On April 2, the Senate approved his bill 46 to 0.
But the bill languished in the House Corporations Committee for another three months. Keith never gave up. Four days a week he posted himself outside the House chamber, always ready to buttonhole another legislator with his positive arguments.
Finally, the bill cleared Corporations, and at 8 p.m. on June 20, 1986, the House passed the legislation, the first land trust bill in Rhode Island.
Former Warwick Mayor Joseph W. Walsh, a lobbyist for the Rhode Island Builders Association, credited Keith's knowledge, perseverence and personality.
"He obviously cared a lot," Walsh said. "And he didn't turn anybody off."
Keith, with his maritime background, remembers thinking: "Eight bells. Another watch begins." Time to move on to something else.
That summer, Gov. Edward D. DiPrete visited the island for a ceremonial bill signing and the dedication of a public overlook at Mohegan Bluffs.
At a Special Town Meeting, voters set the tax at 2 percent, which, they calculated, would have raised $316,000 the previous year. The voters elected Keith to head the new land trust. (Unlike Rob's Block Island Conservancy -- a private, nonprofit organization -- the land trust is an arm of town government, charged with collecting and administering the transfer fee.)
That 2-percent tax has raised $14.7 million since then, money that has been used to buy land all over the island for conservation.
ACCOLADES for Keith Lewis poured in.
In 1985, while he was still preparing to lobby the legislature, The Block Island Times gave him its Bayberry Wreath Award, saying his efforts on behalf of conservation were "truly extraordinary."
Keith received the Chevron Conservation Award -- $1,000, a bronze plaque and dinner at the Four Seasons Hotel in Washington, D.C. -- in 1986.
"Under tremendous pressure from developers of vacation homes, Mr. Lewis has led local residents in the fight to preserve this unique ecosystem for future generations by donating most of his inheritance -- land that had been in his family for generations -- to the Conservancy," reads the plaque. "An individual who follows the dictates of his conscience, Mr. Lewis has been an extraordinary example of what one person can accomplish in the face of seemingly insurmountable obstacles."
Save the Bay gave him an environmental achievement award in 1986 for getting the first land trust bill passed.
In 1987, Keith and Kay were married in Providence, in the church where they met, First Baptist Church in America.
They married on a Friday in the summer.

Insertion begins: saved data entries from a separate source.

(* Fix $n\ge 1$ and finite sets $\mathsf{AP}^I_L$, $\mathsf{AP}^O$; let $\mathcal{I} = 2^{\mathsf{AP}^I_L\times\{0,\dots,n-1\}}$ and $\mathcal{O} = 2^{\mathsf{AP}^O\times\{0,\dots,n-1\}}$. Let $\tau : \mathcal{I}^*\to\mathcal{O}$ be a computation tree such that for every $t\in\mathcal{I}^*$, $\mathrm{rep}_S(t)$ divides $\mathrm{rep}_S(\tau(t))$ (where $\tau(t)$ is regarded as a word of length one). Then $\tau$ has a unique symmetric completion, and this symmetric completion has the symmetry property. Furthermore, if $\tau$ is regular, then so is its symmetric completion.
   Context: Modulo always returns a value in $\{0,\dots,n-1\}$. For a set $\mathsf{AP}$, $u \subseteq \mathsf{AP}\times\{0,\dots,n-1\}$ and $k\in\mathbb{Z}$, $\mathrm{rot}(u,k) = \{(p,(j+k)\bmod n)\mid (p,j)\in u\}$, extended letterwise to words. For such $x$, $\mathrm{rep}(x) = |\{j\in\{0,\dots,n-1\} \mid \mathrm{rot}(x,j)=x\}|$; for words, $\mathrm{rep}_S(\epsilon) = n$ and $\mathrm{rep}_S(w_0\dots w_l) = \gcd(\mathrm{rep}_S(w_0\dots w_{l-1}),\mathrm{rep}(w_l))$. A computation tree is a map $\tau:\mathcal{I}^*\to\mathcal{O}$; it has the symmetry property if $\tau(\mathrm{rot}(t,i)) = \mathrm{rot}(\tau(t),i)$ for all $t$ and $0\le i<n$; it is regular if the set of subtrees $t\mapsto\tau(\hat t t)$, $\hat t\in\mathcal{I}^*$, is finite. Fix the lexicographic order on $\mathcal{I}^*$ induced by a total order on $\mathcal{I}$ (the lexicographic order of the tuple representation of letters), and let $\eta_S(t) = \min_{0\le i<n}\mathrm{rot}(t,i)$. A symmetric completion of $\tau$ is a tree $\tau'$ such that for every $t\in\mathcal{I}^*$, $\tau'(t) = \mathrm{rot}(\tau(\eta_S(t)),i)$ for some $i\in\mathbb{N}$ with $\mathrm{rot}(\eta_S(t),i) = t$. *)

theory Defs
  imports Main
begin

definition rot :: "nat \<Rightarrow> ('a \<times> nat) set \<Rightarrow> int \<Rightarrow> ('a \<times> nat) set" where
  "rot n u k = {(p, nat ((int j + k) mod int n)) | p j. (p, j) \<in> u}"

definition rotw :: "nat \<Rightarrow> ('a \<times> nat) set list \<Rightarrow> int \<Rightarrow> ('a \<times> nat) set list" where
  "rotw n w k = map (\<lambda>u. rot n u k) w"

definition rep :: "nat \<Rightarrow> ('a \<times> nat) set \<Rightarrow> nat" where
  "rep n x = card {j \<in> {0..<n}. rot n x (int j) = x}"

definition repS :: "nat \<Rightarrow> ('a \<times> nat) set list \<Rightarrow> nat" where
  "repS n w = foldl (\<lambda>g l. gcd g (rep n l)) n w"

definition alph :: "'a set \<Rightarrow> nat \<Rightarrow> ('a \<times> nat) set set" where
  "alph AP n = Pow (AP \<times> {0..<n})"

definition eta :: "nat \<Rightarrow> (('a \<times> nat) set \<times> ('a \<times> nat) set) set
                   \<Rightarrow> ('a \<times> nat) set list \<Rightarrow> ('a \<times> nat) set list" where
  "eta n r t = (THE m. m \<in> {rotw n t (int i) | i. i < n} \<and>
       (\<forall>s \<in> {rotw n t (int i) | i. i < n}. s = m \<or> (m, s) \<in> lexord r))"

definition symmetric_completion ::
  "'a set \<Rightarrow> nat \<Rightarrow> (('a \<times> nat) set \<times> ('a \<times> nat) set) set
   \<Rightarrow> (('a \<times> nat) set list \<Rightarrow> ('b \<times> nat) set)
   \<Rightarrow> (('a \<times> nat) set list \<Rightarrow> ('b \<times> nat) set) \<Rightarrow> bool" where
  "symmetric_completion API n r \<tau> \<tau>' \<longleftrightarrow>
     (\<forall>t \<in> lists (alph API n). \<exists>i::nat.
        rotw n (eta n r t) (int i) = t \<and> \<tau>' t = rot n (\<tau> (eta n r t)) (int i))"

definition symmetry_property ::
  "'a set \<Rightarrow> nat \<Rightarrow> (('a \<times> nat) set list \<Rightarrow> ('b \<times> nat) set) \<Rightarrow> bool" where
  "symmetry_property API n \<tau> \<longleftrightarrow>
     (\<forall>t \<in> lists (alph API n). \<forall>i < n. \<tau> (rotw n t (int i)) = rot n (\<tau> t) (int i))"

definition regular_tree ::
  "'a set \<Rightarrow> nat \<Rightarrow> (('a \<times> nat) set list \<Rightarrow> 'c) \<Rightarrow> bool" where
  "regular_tree API n \<tau> \<longleftrightarrow>
     finite {(\<lambda>t. if t \<in> lists (alph API n) then \<tau> (h @ t) else undefined) | h.
               h \<in> lists (alph API n)}"

end

theory Submission
  imports Defs
begin

text \<open>
  A completion must map t to a rotation of \<tau> (eta t) by some i with rot (eta t, i) = t; it is
  well defined because every rotation fixing a word w also fixes \<tau> w. Indeed the rotations
  fixing a letter u form the subgroup (n / rep u)\<int> of \<int>, so a rotation by a fixes w iff
  n divides a * repS w, and repS w divides rep (\<tau> w). Rotation invariance of eta then gives
  the symmetry property. For regularity, eta (h t) = eta h \<cdot> rot (t, k), where k ranges over the
  shifts taking h to eta h and is chosen to minimise rot (t, k); so the subtree of the
  completion at h is determined by the subtree of \<tau> at eta h and the set of these shifts.
\<close>

lemma int_multiple_mem_if_diff_closed:
  fixes T :: "int set"
  assumes diff_closed: "\<And>a b. a \<in> T \<Longrightarrow> b \<in> T \<Longrightarrow> a - b \<in> T" and a: "a \<in> T"
  shows "a * k \<in> T"
proof (induction k rule: int_induct[where k = 0])
  case base
  show ?case using diff_closed[OF a a] by simp
next
  case (step1 i)
  have "a - a - a \<in> T" using diff_closed a by blast
  from diff_closed[OF step1(2) this] show ?case by (simp add: algebra_simps)
next
  case (step2 i)
  from diff_closed[OF step2(2) a] show ?case by (simp add: algebra_simps)
qed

To make it easier for their friends to join them, they avoided a Saturday wedding because that's the busiest day of the week for islanders dealing with the comings and goings of renters and day-trippers.
It was their third attempt.
"When you postpone your wedding twice because of conservation meetings, you know where you stand," Kay said recently, as she smiled at Keith. She quickly added, "That's one of the things that attracted me to you."
In 1991, Keith resigned from the Block Island Land Trust. He said he had to go back to sea to earn a living and would be forced to miss too many land trust meetings.
He had adopted his father's practice of writing letters to keep the community up on what was happening. One, to The Block Island Times, thanked all the voters, residents and friends for supporting the land trust.
"The result is a neat little institution that helps to preserve the island's landscape and community quality of life; an institution that draws upon strengths in the economy to protect and perpetuate the very factors that make the economy strong in the first place. It's something we did together, in the typical Block Island tradition," he wrote.
Board members responded with a letter, saying that when it comes to the land trust, "You not only built the ship, you have also been both her pilot and captain during her maiden voyage.
"Your gifts to the island -- the land acquired through your efforts -- will be appreciated by generations of those who value natural beauty and open space."
Keith went back to sea for another eight years.
But duty would call him back to Block Island for good.